A gas sample is confined under a frictionless piston at constant external pressure $P=1.00\ \text{atm}$, allowing volume to change as temperature changes. A researcher measures $V$ at different $T$ for $n$ fixed. Data: $T$ (K) → $V$ (L): 250→6.2; 275→6.8; 300→7.4; 325→8.0; 350→8.6. (Constants: $R=0.0821\ \text{L·atm·mol}^{-1}\text{·K}^{-1}$.) Using Charles’s law ($V\propto T$ at constant $P,n$), which prediction aligns with the observed behavior if the temperature is increased from 300 K to 360 K?
The volume should remain near 7.4 L because the pressure is fixed at 1 atm.
The volume should decrease because higher temperature increases pressure, compressing the gas.
The volume should increase proportionally, to about $V\approx 7.4\times(360/300)\approx 8.9\ \text{L}$.
The volume should increase, but only if the number of moles increases.
Explanation
This question assesses understanding of gas laws and kinetic molecular theory (4B) in the context of the volume-temperature relationship at constant pressure. Gas laws, such as Charles’s law, describe the relationship between volume and absolute temperature under constant pressure and moles. In this scenario, the frictionless piston allowing volume changes at fixed pressure illustrates the direct proportionality between volume and temperature. The correct choice, B, follows because extrapolating the data predicts V ≈ 7.4 × (360/300) ≈ 8.9 L, consistent with V ∝ T. Choice A is incorrect because it misapplies Gay-Lussac’s law, ignoring that volume can change here. In similar questions, ensure to check if pressure and moles are constant to apply Charles’s law accurately. Verify calculations using absolute temperatures to avoid common errors with Celsius.

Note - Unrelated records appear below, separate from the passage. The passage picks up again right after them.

text \<open>Position 0 is a descent iff -w(2) > w(1), position 1 iff w(1) > w(2); when
  the absolute value of w(1) is the larger one, exactly one of these holds.\<close>
lemma abs_less_if_descent_0_iff_1:
  assumes "w \<in> signed_perms n" "2 \<le> n" "0 \<in> descD n w \<longleftrightarrow> 1 \<in> descD n w"
  shows "\<bar>w 1\<bar> < \<bar>w 2\<bar>"
proof -
  have "\<bar>w 1\<bar> \<noteq> \<bar>w 2\<bar>"
    using signed_perm_adjacent_abs_neq[OF assms(1), of 1] assms(2) by simp
  moreover have "w 1 \<noteq> 0"
    using signed_perm_nonzero[OF assms(1), of 1] assms(2) by simp
  moreover have "0 \<in> descD n w \<longleftrightarrow> w 1 < - w 2" "1 \<in> descD n w \<longleftrightarrow> w 2 < w 1"
    using descD_iff[of 0 n w] descD_iff[of 1 n w] assms(2) by (simp_all add: wD_def)
  ultimately show ?thesis
    using assms(3) by (auto simp: abs_if split: if_splits)
qed

lemma neg_iff_descent_if_abs_id:
  assumes "\<And>i. i \<in> {1..int n} \<Longrightarrow> \<bar>w i\<bar> = i" "i \<in> {2..int n}"
  shows "w i < 0 \<longleftrightarrow> nat (i - 1) \<in> descD n w"
proof -
  have "nat (i - 1) < n"
    using assms(2) by auto
  then have "nat (i - 1) \<in> descD n w \<longleftrightarrow> w i < w (i - 1)"
    using descD_iff[of "nat (i - 1)" n w] assms(2) by (simp add: wD_def)
  moreover have "\<bar>w (i - 1)\<bar> = i - 1" "\<bar>w i\<bar> = i"
    using assms(1)[of "i - 1"] assms(1)[of i] assms(2) by auto
  ultimately show ?thesis
    by (auto simp: abs_if split: if_splits)
qed

text \<open>The absolute values are forced to be the identity and the descents fix the signs of
  w(2), ..., w(n); the sign of w(1) is then fixed by evenness.\<close>
lemma missing_maxima_empty_unique:
  assumes "2 \<le> n" "w \<in> even_signed_perms n" "w' \<in> even_signed_perms n"
    "descD n w' = descD n w" "missing_maxima n w = {}" "missing_maxima n w' = {}"
    "0 \<in> descD n w \<longleftrightarrow> 1 \<in> descD n w"
  shows "w = w'"
proof -
  have w: "w \<in> signed_perms n" "even (card (neg_positions n w))"
    and w': "w' \<in> signed_perms n" "even (card (neg_positions n w'))"
    using assms(2,3) even_signed_perms_iff by auto
  have id: "\<bar>w i\<bar> = i" if "i \<in> {1..int n}" for i
    using missing_maxima_empty_abs_id[OF w(1) assms(5) abs_less_if_descent_0_iff_1[OF w(1)]]
      assms(1,7) that by auto
  have id': "\<bar>w' i\<bar> = i" if "i \<in> {1..int n}" for i
    using missing_maxima_empty_abs_id[OF w'(1) assms(6) abs_less_if_descent_0_iff_1[OF w'(1)]]
      assms(1,4,7) that by auto
  have tail: "w i = w' i" if "i \<in> {2..int n}" for i
    using neg_iff_descent_if_abs_id[OF id that] neg_iff_descent_if_abs_id[OF id' that] assms(4)
      id[of i] id'[of i] that by (auto simp: abs_if split: if_splits)
  define N where "N = {i\<in>{2..int n}. w i < 0}"
  have "finite N"
    unfolding N_def by (rule finite_subset[of _ "{2..int n}"]) auto
  moreover have "1 \<notin> N"
    unfolding N_def by simp
  moreover have "{1..int n} = insert 1 {2..int n}"
    using assms(1) by auto
  then have "neg_positions n w = (if w 1 < 0 then insert 1 N else N)"
    "neg_positions n w' = (if w' 1 < 0 then insert 1 N else N)"
    unfolding neg_positions_def N_def using tail by auto
  ultimately have "w 1 < 0 \<longleftrightarrow> w' 1 < 0"
    using w(2) w'(2) by (auto split: if_splits)
  then have "w 1 = w' 1"
    using id[of 1] id'[of 1] assms(1) by (auto simp: abs_if split: if_splits)
  show ?thesis
  proof (rule signed_perm_eqI[OF w(1) w'(1)])
    fix i assume "i \<in> {1..int n}"
    then consider "i = 1" | "i \<in> {2..int n}"
      by fastforce
    then show "w i = w' i"
      using \<open>w 1 = w' 1\<close> tail by cases auto
  qed
qed

text \<open>Entry j \<ge> 2 is negative iff j - 1 is a descent; the sign of entry 1 makes the number
  of negative entries even.\<close>
definition canonical_sign :: "nat \<Rightarrow> nat set \<Rightarrow> int \<Rightarrow> int" where
  "canonical_sign n S j =
     (if j = 1 then (if even (card {i\<in>{2..int n}. nat (i - 1) \<in> S}) then 1 else -1)
      else if nat (j - 1) \<in> S then -1 else 1)"

definition canonical_perm :: "nat \<Rightarrow> nat set \<Rightarrow> int \<Rightarrow> int" where
  "canonical_perm n S i = (if \<bar>i\<bar> \<in> {1..int n} then canonical_sign n S \<bar>i\<bar> * i else i)"

lemma canonical_sign_cases: "canonical_sign n S j = 1 \<or> canonical_sign n S j = -1"
  unfolding canonical_sign_def by auto

lemma abs_canonical_perm [simp]: "\<bar>canonical_perm n S i\<bar> = \<bar>i\<bar>"
  unfolding canonical_perm_def using canonical_sign_cases[of n S "\<bar>i\<bar>"] by (auto simp: abs_mult)

lemma canonical_perm_pos: "i \<in> {1..int n} \<Longrightarrow> canonical_perm n S i = canonical_sign n S i * i"
  unfolding canonical_perm_def by auto

lemma canonical_perm_signed_perm: "canonical_perm n S \<in> signed_perms n"
proof -
  have "canonical_perm n S \<circ> id \<in> signed_perms n"
  proof (rule signed_perm_comp_involution)
    show "id \<in> signed_perms n"
      unfolding signed_perms_def by simp
    show "canonical_perm n S (canonical_perm n S v) = v" for v
      using canonical_sign_cases[of n S "\<bar>v\<bar>"] by (auto simp: canonical_perm_def)
    show "canonical_perm n S v \<in> {-int n..int n} - {0}" if "v \<in> {-int n..int n} - {0}" for v
      using that abs_canonical_perm[of n S v] by (auto simp: abs_if split: if_splits)
  qed (auto simp: canonical_perm_def)
  then show ?thesis
    by simp
qed

lemma canonical_perm_even: "1 \<le> n \<Longrightarrow> even (card (neg_positions n (canonical_perm n S)))"
proof -
  assume "1 \<le> n"
  define C where "C = {i\<in>{2..int n}. nat (i - 1) \<in> S}"
  have "finite C"
    unfolding C_def by (rule finite_subset[of _ "{2..int n}"]) auto
  moreover have "1 \<notin> C"
    unfolding C_def by simp
  moreover have neg: "canonical_perm n S i < 0 \<longleftrightarrow> canonical_sign n S i = -1" if "i \<in> {1..int n}" for i
    using canonical_perm_pos[OF that] canonical_sign_cases[of n S i] that by auto
  have "{1..int n} = insert 1 {2..int n}"
    using \<open>1 \<le> n\<close> by auto
  then have "neg_positions n (canonical_perm n S) = (if odd (card C) then insert 1 C else C)"
    unfolding neg_positions_def C_def using neg by (auto simp: canonical_sign_def split: if_splits)
  ultimately show ?thesis
    by auto
qed

lemma descD_canonical_perm:
  assumes "2 \<le> n" "S \<subseteq> {0..<n}" "0 \<in> S \<longleftrightarrow> 1 \<in> S"
  shows "descD n (canonical_perm n S) = S"
proof -
  have "m \<in> descD n (canonical_perm n S) \<longleftrightarrow> m \<in> S" if m: "m < n" for m
  proof (cases "m = 0")
    case True
    have "wD (canonical_perm n S) 0 = - canonical_sign n S 2 * 2"
      "wD (canonical_perm n S) 1 = canonical_sign n S 1"
      using canonical_perm_pos[of 2 n S] canonical_perm_pos[of 1 n S] assms(1) by (auto simp: wD_def)
    moreover have "canonical_sign n S 2 = (if 1 \<in> S then -1 else 1)"
      unfolding canonical_sign_def by simp
    ultimately show ?thesis
      using descD_iff[OF m] True assms(3) canonical_sign_cases[of n S 1] by auto
  next
    case False
    have "wD (canonical_perm n S) m = canonical_sign n S (int m) * int m"
      "wD (canonical_perm n S) (Suc m) = canonical_sign n S (int m + 1) * (int m + 1)"
      using canonical_perm_pos[of "int m" n S] canonical_perm_pos[of "int m + 1" n S] False m
      by (auto simp: wD_def add.commute)
    moreover have "canonical_sign n S (int m + 1) = (if m \<in> S then -1 else 1)"
      unfolding canonical_sign_def using False by simp
    ultimately show ?thesis
      using descD_iff[OF m] canonical_sign_cases[of n S "int m"] by auto
  qed
  moreover have "descD n (canonical_perm n S) \<subseteq> {0..<n}"
    unfolding descD_def by auto
  ultimately show ?thesis
    using assms(2) by auto
qed

lemma missing_maxima_canonical_perm: "missing_maxima n (canonical_perm n S) = {}"
proof -
  have "adj_max (canonical_perm n S) (k - 1) = k" if "k \<in> {2..int n}" for k
    using that by (simp add: adj_max_def)
  then show ?thesis
    unfolding missing_maxima_def by force
qed

lemma card_descent_class_missing_empty:
  assumes "2 \<le> n" "S \<subseteq> {0..<n}" "0 \<in> S \<longleftrightarrow> 1 \<in> S"
  shows "card {w\<in>even_signed_perms n. descD n w = S \<and> missing_maxima n w = {}} = 1"
proof -
  have canonical: "canonical_perm n S \<in> even_signed_perms n"
    unfolding even_signed_perms_iff using canonical_perm_signed_perm canonical_perm_even assms(1)
    by simp
  have "w = canonical_perm n S"
    if "w \<in> even_signed_perms n" "descD n w = S" "missing_maxima n w = {}" for w
    using missing_maxima_empty_unique[OF assms(1) canonical that(1)] descD_canonical_perm[OF assms]
      missing_maxima_canonical_perm assms(3) that(2,3) by simp
  then have "{w\<in>even_signed_perms n. descD n w = S \<and> missing_maxima n w = {}} = {canonical_perm n S}"
    using canonical descD_canonical_perm[OF assms] missing_maxima_canonical_perm by blast
  then show ?thesis
    by simp
qed

lemma odd_card_descent_class_if_0_iff_1:
  assumes "2 \<le> n" "S \<subseteq> {0..<n}" "0 \<in> S \<longleftrightarrow> 1 \<in> S"
  shows "odd (card {w\<in>even_signed_perms n. descD n w = S})"
  using even_card_descent_class_iff_missing_empty[OF assms(1)] card_descent_class_missing_empty[OF assms]
  by simp

subsection \<open>Exchanging the absolute values 1 and 2\<close>

definition swap12 :: "bool \<Rightarrow> int \<Rightarrow> int" where
  "swap12 a v =
     (if \<bar>v\<bar> \<in> {1, 2} then (if a then -1 else 1) * sgn v * (3 - \<bar>v\<bar>) else v)"

lemma abs_in_1_2_iff: "\<bar>v :: int\<bar> \<in> {1, 2} \<longleftrightarrow> v \<in> {-2, -1, 1, 2}"
  by auto

lemma swap12_minus: "swap12 a (-v) = - swap12 a v"
  unfolding swap12_def by (simp add: sgn_minus)

lemma swap12_swap12 [simp]: "swap12 a (swap12 a v) = v"
  unfolding swap12_def abs_in_1_2_iff by auto

lemma abs_swap12: "\<bar>v\<bar> \<in> {1, 2} \<Longrightarrow> \<bar>swap12 a v\<bar> = 3 - \<bar>v\<bar>"
  unfolding swap12_def abs_in_1_2_iff by auto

A sample of gas is held at constant temperature in a cylinder with a frictionless piston. The investigator increases the external pressure in steps, allowing the system to equilibrate each time, and records the corresponding gas volume. The product $PV$ is approximately constant across the measurements. Which conclusion about gas behavior is most consistent with Boyle’s law under these conditions? (Use $R = 0.0821\ \text{L·atm·mol}^{-1}\text{·K}^{-1}$.)
Volume is directly proportional to the number of moles, so changing pressure cannot change volume at fixed $n$.
Volume decreases as pressure increases such that $PV$ remains approximately constant at fixed temperature.
Pressure is inversely proportional to temperature, so keeping temperature constant forces $P$ to remain constant.
Volume increases as pressure increases because $PV$ must increase when pressure increases.
Explanation
This question assesses understanding of gas laws and kinetic molecular theory (4B) in the context of Boyle's law experimental verification. Boyle's law states that at constant temperature, pressure and volume are inversely proportional, meaning their product PV remains constant. In this scenario, the cylinder with frictionless piston allows volume to adjust as external pressure changes while maintaining constant temperature. The correct choice, A, follows because the data show PV remaining approximately constant, confirming that volume decreases as pressure increases in an inverse relationship (P₁V₁ = P₂V₂). Choice B is incorrect because it suggests volume increases with pressure, which would violate the inverse relationship fundamental to Boyle's law. In similar questions, verify that the product PV remains constant across measurements to confirm Boyle's law behavior.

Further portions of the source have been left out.